Timeboost Usage
The introduction of Arbitrum Timeboost has been a great success. It started to generate significant revenue from day one.
Timeboost vs Network Fees
In addition to revenue from Timeboost, the Arbitrum DAO also receives the standard transaction fees that users pay. The following chart allows you to track the share of Timeboost fees vs Network fees in ETH.
What is Timeboost?
Timeboost went live on April 17th. It allows Arbitrum to better capitalize on MEV by providing express lane access for users. Until the introduction of Timeboost, Arbitrum had been operating on a FCFS (First-Come, First-Serve) basis. Though it provides great UX it also introduced a lot of spam by searchers that attempted to extract MEV.
Timeboost is a new transaction ordering policy that preserves many of the great benefits of FCFS while unlocking a path for chain owners to capture some of the available MEV on their network and introducing an auction to reduce latency, racing, and, ultimately, spam.
Timeboost is implemented using three separate components that work together:
- A special “express lane” which allows valid transactions to be sequenced as soon as the sequencer receives them for a given round.
- An offchain auction to determine the controller of the express lane for a given round.
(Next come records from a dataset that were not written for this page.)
lemma kernel_ok_infsum_UN_le:
  assumes "kernel_ok lam Lam J" and "finite C"
  shows "infsum (J i) (\<Union>c\<in>C. E c) \<le> (\<Sum>c\<in>C. infsum (J i) (E c))"
  using \<open>finite C\<close>
proof (induction C rule: finite_induct)
  case (insert x C)
  then show ?case
    using kernel_ok_infsum_Un_le[OF assms(1), of i "E x" "\<Union>c\<in>C. E c"] by simp
qed simp

lemma infsum_le_sigmaJ:
  "kernel_ok lam Lam J \<Longrightarrow> infsum (J i) {j. linfnorm (j - i) \<ge> int m} \<le> sigmaJ J m"
  unfolding sigmaJ_def
  by (rule cSUP_upper[where f = "\<lambda>i. infsum (J i) {j. linfnorm (j - i) \<ge> int m}"])
     (auto intro!: bdd_aboveI2 kernel_ok_infsum_le)

lemma sigmaJ_nonneg: "kernel_ok lam Lam J \<Longrightarrow> 0 \<le> sigmaJ J m"
  by (rule order_trans[OF infsum_nonneg infsum_le_sigmaJ]) (auto intro: kernel_ok_nonneg)

lemma infsum_outside_cube_le:
  fixes q :: "int ^ 'd::finite"
  assumes J: "kernel_ok lam Lam J" and i: "i \<in> cube l q"
  shows "infsum (J i) (- cube l q) \<le> (\<Sum>c\<in>UNIV. sigmaJ J (cube_depth l (i $ c - q $ c)))"
proof -
  let ?exit = "\<lambda>c. {j. \<bar>j $ c - q $ c\<bar> > int l}"
  have "- cube l q \<subseteq> (\<Union>c. ?exit c)"
  proof
    fix j assume "j \<in> - cube l q"
    moreover obtain c where "linfnorm (j - q) = \<bar>(j - q) $ c\<bar>" using linfnorm_attained by blast
    ultimately show "j \<in> (\<Union>c. ?exit c)" by (auto simp: cube_def not_le)
  qed
  then have "infsum (J i) (- cube l q) \<le> infsum (J i) (\<Union>c. ?exit c)"
    by (rule kernel_ok_infsum_mono[OF J])
  also have "\<dots> \<le> (\<Sum>c\<in>UNIV. infsum (J i) (?exit c))"
    by (rule kernel_ok_infsum_UN_le[OF J]) simp
  also have "\<dots> \<le> (\<Sum>c\<in>UNIV. sigmaJ J (cube_depth l (i $ c - q $ c)))"
  proof (rule sum_mono)
    fix c
    let ?m = "cube_depth l (i $ c - q $ c)"
    have "int ?m \<le> linfnorm (j - i)" if "j \<in> ?exit c" for j
      using that abs_component_diff_le_if_in_cube[OF i, of c] abs_component_le_linfnorm[of "j - i" c]
      by (auto simp: cube_depth_def)
    then have "infsum (J i) (?exit c) \<le> infsum (J i) {j. linfnorm (j - i) \<ge> int ?m}"
      by (intro kernel_ok_infsum_mono[OF J]) auto
    also have "\<dots> \<le> sigmaJ J ?m" by (rule infsum_le_sigmaJ[OF J])
    finally show "infsum (J i) (?exit c) \<le> sigmaJ J ?m" .
  qed
  finally show ?thesis .
qed

lemma has_sum_Sigma_finite:
  fixes f :: "'a \<times> 'b \<Rightarrow> real"
  assumes "finite A" and "\<And>i. i \<in> A \<Longrightarrow> ((\<lambda>j. f (i, j)) has_sum g i) (B i)"
  shows "(f has_sum sum g A) (Sigma A B)"
proof -
  have "(f has_sum g i) (Pair i ` B i)" if "i \<in> A" for i
    using has_sum_reindex[of "Pair i" "B i" f "g i"] assms(2)[OF that]
    by (simp add: inj_on_def comp_def)
  then have "(f has_sum sum g A) (\<Union>i\<in>A. Pair i ` B i)"
    by (intro sum_has_sum[OF \<open>finite A\<close>]) auto
  moreover have "Sigma A B = (\<Union>i\<in>A. Pair i ` B i)" by auto
  ultimately show ?thesis by simp
qed

lemma Ham_constant_on_le:
  assumes J: "kernel_ok lam Lam J" and "finite \<Gamma>" and u: "config u" and s: "s = 1 \<or> s = -1"
  defines "v \<equiv> \<lambda>i. if i \<in> \<Gamma> then s else u i"
  shows "Ham J h \<Gamma> v \<le> 4 * (\<Sum>i\<in>\<Gamma>. infsum (J i) (- \<Gamma>)) + s * sum h \<Gamma>"
proof -
  define f where "f = (\<lambda>(i, j). J i j * (1 - v i * v j))"
  have sign: "v i = 1 \<or> v i = -1" for i using u s unfolding v_def config_def by auto
  have f_bounds: "0 \<le> f (i, j)" "f (i, j) \<le> 2 * J i j" for i j
    using sign[of i] sign[of j] kernel_ok_nonneg[OF J, of i j] unfolding f_def by auto
  have f_inside: "f (i, j) = 0" if "i \<in> \<Gamma>" "j \<in> \<Gamma>" for i j
    using that s unfolding f_def v_def by auto
  have f_bound': "f (j, i) \<le> 2 * J i j" for i j
    using f_bounds(2)[of j i] kernel_ok_sym[OF J, of j i] by simp
  have J2: "(\<lambda>j. 2 * J i j) summable_on E" for i E
    by (intro summable_on_cmult_right kernel_ok_summable_on[OF J])
  have row: "(\<lambda>j. f (i, j)) summable_on E" and col: "(\<lambda>j. f (j, i)) summable_on E" for i E
    using f_bounds f_bound' by (auto intro!: summable_on_comparison_test[OF J2])
  define row_sum where "row_sum i = infsum (\<lambda>j. f (i, j)) UNIV" for i
  define col_sum where "col_sum i = infsum (\<lambda>j. f (j, i)) (- \<Gamma>)" for i
  have row_sum_le: "row_sum i \<le> 2 * infsum (J i) (- \<Gamma>)" if "i \<in> \<Gamma>" for i
  proof -
    have "row_sum i \<le> infsum (\<lambda>j. 2 * J i j) (- \<Gamma>)"
      unfolding row_sum_def
      by (rule infsum_mono_neutral[OF row J2]) (auto simp: f_bounds f_inside that)
    then show ?thesis by (simp add: infsum_cmult_right kernel_ok_summable_on[OF J])
  qed
  have col_sum_le: "col_sum i \<le> 2 * infsum (J i) (- \<Gamma>)" for i
  proof -
    have "col_sum i \<le> infsum (\<lambda>j. 2 * J i j) (- \<Gamma>)"
      unfolding col_sum_def by (rule infsum_mono[OF col J2 f_bound'])
    then show ?thesis by (simp add: infsum_cmult_right kernel_ok_summable_on[OF J])
  qed
  have "(f has_sum sum row_sum \<Gamma>) (\<Gamma> \<times> UNIV)"
    by (rule has_sum_Sigma_finite[OF \<open>finite \<Gamma>\<close>]) (simp add: row_sum_def row)
  moreover have "((\<lambda>(i, j). f (j, i)) has_sum sum col_sum \<Gamma>) (\<Gamma> \<times> (- \<Gamma>))"
    by (rule has_sum_Sigma_finite[OF \<open>finite \<Gamma>\<close>]) (simp add: col_sum_def col)
  then have "(f has_sum sum col_sum \<Gamma>) ((- \<Gamma>) \<times> \<Gamma>)"
    using has_sum_swap by blast
  ultimately have "(f has_sum sum row_sum \<Gamma> + sum col_sum \<Gamma>) (\<Gamma> \<times> UNIV \<union> (- \<Gamma>) \<times> \<Gamma>)"
    by (rule has_sum_Un_disjoint) auto
  moreover have "UNIV - (- \<Gamma>) \<times> (- \<Gamma>) = \<Gamma> \<times> UNIV \<union> (- \<Gamma>) \<times> \<Gamma>" by auto
  ultimately have "infsum f (UNIV - (- \<Gamma>) \<times> (- \<Gamma>)) = sum row_sum \<Gamma> + sum col_sum \<Gamma>"
    by (simp add: infsumI)
  moreover have "(\<Sum>i\<in>\<Gamma>. h i * v i) = s * sum h \<Gamma>"
    unfolding v_def by (simp add: sum_distrib_left mult.commute)
  ultimately have "Ham J h \<Gamma> v = sum row_sum \<Gamma> + sum col_sum \<Gamma> + s * sum h \<Gamma>"
    unfolding Ham_def f_def by simp
  also have "sum row_sum \<Gamma> + sum col_sum \<Gamma> \<le> 4 * (\<Sum>i\<in>\<Gamma>. infsum (J i) (- \<Gamma>))"
    using sum_mono[of \<Gamma> row_sum, OF row_sum_le] sum_mono[of \<Gamma> col_sum, OF col_sum_le]
    by (simp add: sum_distrib_left[symmetric])
  finally show ?thesis by simp
qed

lemma Ham_minimizer_le_boundary_interaction:
  assumes J: "kernel_ok lam Lam J" and "finite \<Gamma>" and u: "minimizer J h \<Gamma> u"
  shows "Ham J h \<Gamma> u \<le> 4 * (\<Sum>i\<in>\<Gamma>. infsum (J i) (- \<Gamma>))"
proof -
  define s where "s = (if sum h \<Gamma> \<le> 0 then 1 else -1 :: real)"
  define v where "v = (\<lambda>i. if i \<in> \<Gamma> then s else u i)"
  have "config u" using u unfolding minimizer_def by blast
  then have "config v" unfolding config_def v_def s_def by auto
  then have "Ham J h \<Gamma> u \<le> Ham J h \<Gamma> v"
    using u unfolding minimizer_def v_def by auto
  also have "\<dots> \<le> 4 * (\<Sum>i\<in>\<Gamma>. infsum (J i) (- \<Gamma>)) + s * sum h \<Gamma>"
    unfolding v_def by (rule Ham_constant_on_le[OF J \<open>finite \<Gamma>\<close> \<open>config u\<close>]) (simp add: s_def)
  also have "s * sum h \<Gamma> \<le> 0" unfolding s_def by auto
  finally show ?thesis by simp
qed
lemma sum_symmetric_int_interval:
  "(\<Sum>k\<in>{- int N..<int N}. f k) = (\<Sum>k<N. f (int k) + f (- int k - 1))"
proof (induction N)
  case (Suc N)
  have "{- int (Suc N)..<int (Suc N)} = insert (- int N - 1) (insert (int N) {- int N..<int N})"
    by auto
  then show ?case using Suc by (simp add: algebra_simps)
qed simp

section \<open>Partial fractions of the cotangent\<close>

lemma Digamma_reflection_complex:
  fixes z :: complex
  assumes "z \<notin> \<int>"
  shows "Digamma (1 - z) - Digamma z = of_real pi * cot (of_real pi * z)"
proof -
  define g where "g t = Gamma t * Gamma (1 - t) * sin (of_real pi * t)" for t :: complex
  have sin_nonzero: "sin (of_real pi * t) \<noteq> 0" if "t \<notin> \<int>" for t :: complex
    using that by (auto simp: sin_eq_0)
  have g_const: "g t = of_real pi" if "t \<notin> \<int>" for t
    using Gamma_reflection_complex[of t] sin_nonzero[OF that] by (simp add: g_def field_simps)
  have z: "z \<notin> \<int>\<^sub>\<le>\<^sub>0" "1 - z \<notin> \<int>\<^sub>\<le>\<^sub>0"
    using assms nonpos_Ints_subset_Ints Ints_diff[of 1 "1 - z"] by auto
  have g_deriv: "(g has_field_derivative
      (Gamma z * Digamma z * Gamma (1 - z) * sin (of_real pi * z)
       + Gamma z * (Gamma (1 - z) * Digamma (1 - z) * (-1)) * sin (of_real pi * z)
       + Gamma z * Gamma (1 - z) * (cos (of_real pi * z) * of_real pi))) (at z)"
    unfolding g_def
    by (rule derivative_eq_intros has_field_derivative_Gamma
          DERIV_chain2[OF has_field_derivative_Gamma] | simp add: z)+
      (simp add: algebra_simps)
  have g_deriv_zero: "(g has_field_derivative 0) (at z)"
  proof (rule has_field_derivative_transform_within_open[of "\<lambda>_. of_real pi" 0 z "- \<int>"])
    show "open (- (\<int>::complex set))" by (intro open_Compl closed_Ints)
  qed (use assms g_const in auto)
  from DERIV_unique[OF g_deriv g_deriv_zero] have "Gamma z * Gamma (1 - z) *
      ((Digamma z - Digamma (1 - z)) * sin (of_real pi * z) + cos (of_real pi * z) * of_real pi) = 0"
    by (simp add: algebra_simps)
  moreover have "Gamma z \<noteq> 0" "Gamma (1 - z) \<noteq> 0" using z by (simp_all add: Gamma_eq_zero_iff)
  ultimately have "(Digamma z - Digamma (1 - z)) * sin (of_real pi * z) + cos (of_real pi * z) * of_real pi = 0"
    by simp
  with sin_nonzero[OF assms] show ?thesis
    by (simp add: cot_def field_simps)
qed

lemma cot_partial_fractions:
  fixes z :: complex
  assumes "z \<notin> \<int>"
  shows "(\<lambda>k. inverse (z + of_nat k) - inverse (1 - z + of_nat k)) sums (of_real pi * cot (of_real pi * z))"
proof -
  have "z \<noteq> 0" "1 - z \<noteq> 0" using assms by auto
  then have "(\<lambda>k. inverse (of_nat (Suc k)) - inverse (w + of_nat k)) sums (Digamma w + euler_mascheroni)"
    if "w \<in> {z, 1 - z}" for w
    using that summable_sums[OF summable_Digamma] by (auto simp: Digamma_def)
  from sums_diff[OF this[of "1 - z"] this[of z]] show ?thesis
    by (simp add: algebra_simps Digamma_reflection_complex[OF assms])
qed

definition schwarz_kernel :: "complex \<Rightarrow> complex" where
  "schwarz_kernel w = (1 + exp (\<i> * w)) / (1 - exp (\<i> * w))"

definition cot_partial_sum :: "nat \<Rightarrow> complex \<Rightarrow> complex" where
  "cot_partial_sum N w = (\<Sum>k\<in>{- int N..<int N}. 1 / (w + 2 * of_real pi * of_int k))"

lemma cot_partial_sum_tendsto:
  assumes "w / (2 * of_real pi) \<notin> \<int>"
  shows "(\<lambda>N. cot_partial_sum N w) \<longlonglongrightarrow> cot (w / 2) / 2"
proof -
  define z where "z = w / (2 * of_real pi)"
  have w: "w = 2 * of_real pi * z" by (simp add: z_def)
  have "1 / (w + 2 * of_real pi * of_int (int k)) + 1 / (w + 2 * of_real pi * of_int (- int k - 1))
      = (inverse (z + of_nat k) - inverse (1 - z + of_nat k)) / (2 * of_real pi)" for k
  proof -
    have "w + 2 * of_real pi * of_int (int k) = 2 * of_real pi * (z + of_nat k)"
      "w + 2 * of_real pi * of_int (- int k - 1) = - (2 * of_real pi) * (1 - z + of_nat k)"
      by (simp_all add: w algebra_simps)
    then show ?thesis by (simp add: inverse_eq_divide diff_divide_distrib mult.commute)
  qed
  then have "cot_partial_sum N w
      = (\<Sum>k<N. inverse (z + of_nat k) - inverse (1 - z + of_nat k)) / (2 * of_real pi)" for N
    by (simp add: cot_partial_sum_def sum_symmetric_int_interval sum_divide_distrib)
  moreover have "(\<lambda>N. (\<Sum>k<N. inverse (z + of_nat k) - inverse (1 - z + of_nat k)) / (2 * of_real pi))
      \<longlonglongrightarrow> of_real pi * cot (of_real pi * z) / (2 * of_real pi)"
    using cot_partial_fractions[OF assms[folded z_def]] by (intro tendsto_divide) (auto simp: sums_def)
  ultimately show ?thesis by (simp add: w)
qed

lemma cot_half_eq_schwarz_kernel:
  assumes "sin (w / 2) \<noteq> 0"
  shows "cot (w / 2) = - \<i> * schwarz_kernel w"
proof -
  define e where "e = exp (\<i> * (w / 2))"
  have "e \<noteq> 0" by (simp add: e_def)
  have exp_w: "exp (\<i> * w) = e * e" unfolding e_def by (simp flip: exp_add)
  have cos: "cos (w / 2) = (e + inverse e) / 2" and sin: "sin (w / 2) = (e - inverse e) / (2 * \<i>)"
    unfolding cos_exp_eq sin_exp_eq e_def by (simp_all add: exp_minus)
  have "e - inverse e \<noteq> 0" using assms sin by auto
  then have "1 - e * e \<noteq> 0" using \<open>e \<noteq> 0\<close> by (auto simp: field_simps)
  then show ?thesis
    unfolding cot_def schwarz_kernel_def cos sin exp_w using \<open>e \<noteq> 0\<close> \<open>e - inverse e \<noteq> 0\<close>
    by (simp add: field_simps)
qed

lemma cot_partial_sum_tendsto_schwarz_kernel:
  assumes "Im w \<noteq> 0"
  shows "(\<lambda>N. cot_partial_sum N w) \<longlonglongrightarrow> - \<i> * schwarz_kernel w / 2"
proof -
  have "w / (2 * of_real pi) \<notin> \<int>"
  proof
    assume "w / (2 * of_real pi) \<in> \<int>"
    then obtain n :: int where "w / (2 * of_real pi) = of_int n" by (auto elim: Ints_cases)
    then have "w = 2 * of_real pi * of_int n" by (simp add: field_simps)
    then show False using assms by simp
  qed
  moreover have "sin (w / 2) \<noteq> 0"
    using assms by (auto simp: sin_eq_0)
  ultimately show ?thesis
    using cot_partial_sum_tendsto cot_half_eq_schwarz_kernel by fastforce
qed

lemma cot_partial_sum_diff_tendsto:
  assumes "Im u \<noteq> 0" "Im v \<noteq> 0"
  shows "(\<lambda>N. cot_partial_sum N u - cot_partial_sum N v)
    \<longlonglongrightarrow> - \<i> / 2 * (schwarz_kernel u - schwarz_kernel v)"
proof -
  have "- \<i> / 2 * (schwarz_kernel u - schwarz_kernel v) = - \<i> * schwarz_kernel u / 2 - - \<i> * schwarz_kernel v / 2"
    by (simp add: field_simps)
  then show ?thesis
    using tendsto_diff[OF assms[THEN cot_partial_sum_tendsto_schwarz_kernel]] by simp
qed

section \<open>Uniform estimates in a half-plane\<close>

lemma norm_schwarz_kernel_minus_one_le:
  assumes "b > 0" "Im w \<ge> b"
  shows "norm (schwarz_kernel w - 1) \<le> 2 * exp (- b) / (1 - exp (- b))"
proof -
  define e where "e = exp (\<i> * w)"
  have e: "norm e \<le> exp (- b)"
    using assms by (simp add: e_def norm_exp_eq_Re)
  have "1 - exp (- b) \<le> norm (1 - e)"
    using norm_triangle_ineq2[of 1 e] e by simp
  moreover have "0 < 1 - exp (- b)" using assms by simp
  ultimately have "1 - e \<noteq> 0" by auto
  then have "schwarz_kernel w - 1 = 2 * e / (1 - e)"
    by (simp add: schwarz_kernel_def e_def[symmetric] field_simps)
  also have "norm \<dots> \<le> 2 * exp (- b) / (1 - exp (- b))"
    unfolding norm_divide norm_mult using e \<open>1 - exp (- b) \<le> norm (1 - e)\<close> \<open>0 < 1 - exp (- b)\<close>
    by (intro frac_le) auto
  finally show ?thesis .
qed

lemma norm_inverse_le_Im:
  fixes w :: complex
  assumes "b > 0" "Im w \<ge> b"
  shows "norm (1 / w) \<le> 1 / b"
  using assms abs_Im_le_cmod[of w] by (simp add: norm_divide frac_le)

lemma norm_inverse_sq_le:
  fixes w :: complex
  assumes "b > 0" "Im w \<ge> b"
  shows "(norm (1 / w))\<^sup>2 \<le> 1 / (b\<^sup>2 + (Re w)\<^sup>2)"
proof -
  have "b\<^sup>2 \<le> (Im w)\<^sup>2" using assms by (simp add: power_mono)
  then have "b\<^sup>2 + (Re w)\<^sup>2 \<le> (norm w)\<^sup>2" by (simp add: cmod_power2)
  moreover have "0 < b\<^sup>2 + (Re w)\<^sup>2" using assms by (simp add: add_pos_nonneg)
  ultimately show ?thesis by (simp add: norm_divide power_divide frac_le)
qed

lemma norm_inverse_diff_le:
  fixes u v :: complex
  assumes "u \<noteq> 0" "v \<noteq> 0"
  shows "norm (1 / u - 1 / v) \<le> norm (u - v) * ((norm (1 / u))\<^sup>2 + (norm (1 / v))\<^sup>2)"
proof -
  have "1 / u - 1 / v = (v - u) * (1 / u) * (1 / v)" using assms by (simp add: field_simps)
  then have "norm (1 / u - 1 / v) = norm (u - v) * (norm (1 / u) * norm (1 / v))"
    by (simp only: norm_mult mult.assoc norm_minus_commute)
  also have "\<dots> \<le> norm (u - v) * ((norm (1 / u))\<^sup>2 + (norm (1 / v))\<^sup>2)"
    using sum_squares_bound[of "norm (1 / u)" "norm (1 / v)"]
    by (intro mult_left_mono) (auto intro: order.trans[rotated])
  finally show ?thesis .
qed

lemma Im_inverse: "Im (1 / w) = - Im w * (norm (1 / w))\<^sup>2"
  by (simp add: Im_divide norm_divide power_divide cmod_power2)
This auction is managed by an autonomous auctioneer.
- An auction contract deployed on the target chain to serve as the canonical source of truth for the auction results and handling of auction proceeds.
A more detailed explanation of Timeboost can be found here: https://docs.arbitrum.io/how-arbitrum-works/timeboost/gentle-introduction
All charts on this page are updated daily so you can track the adoption of Timeboost.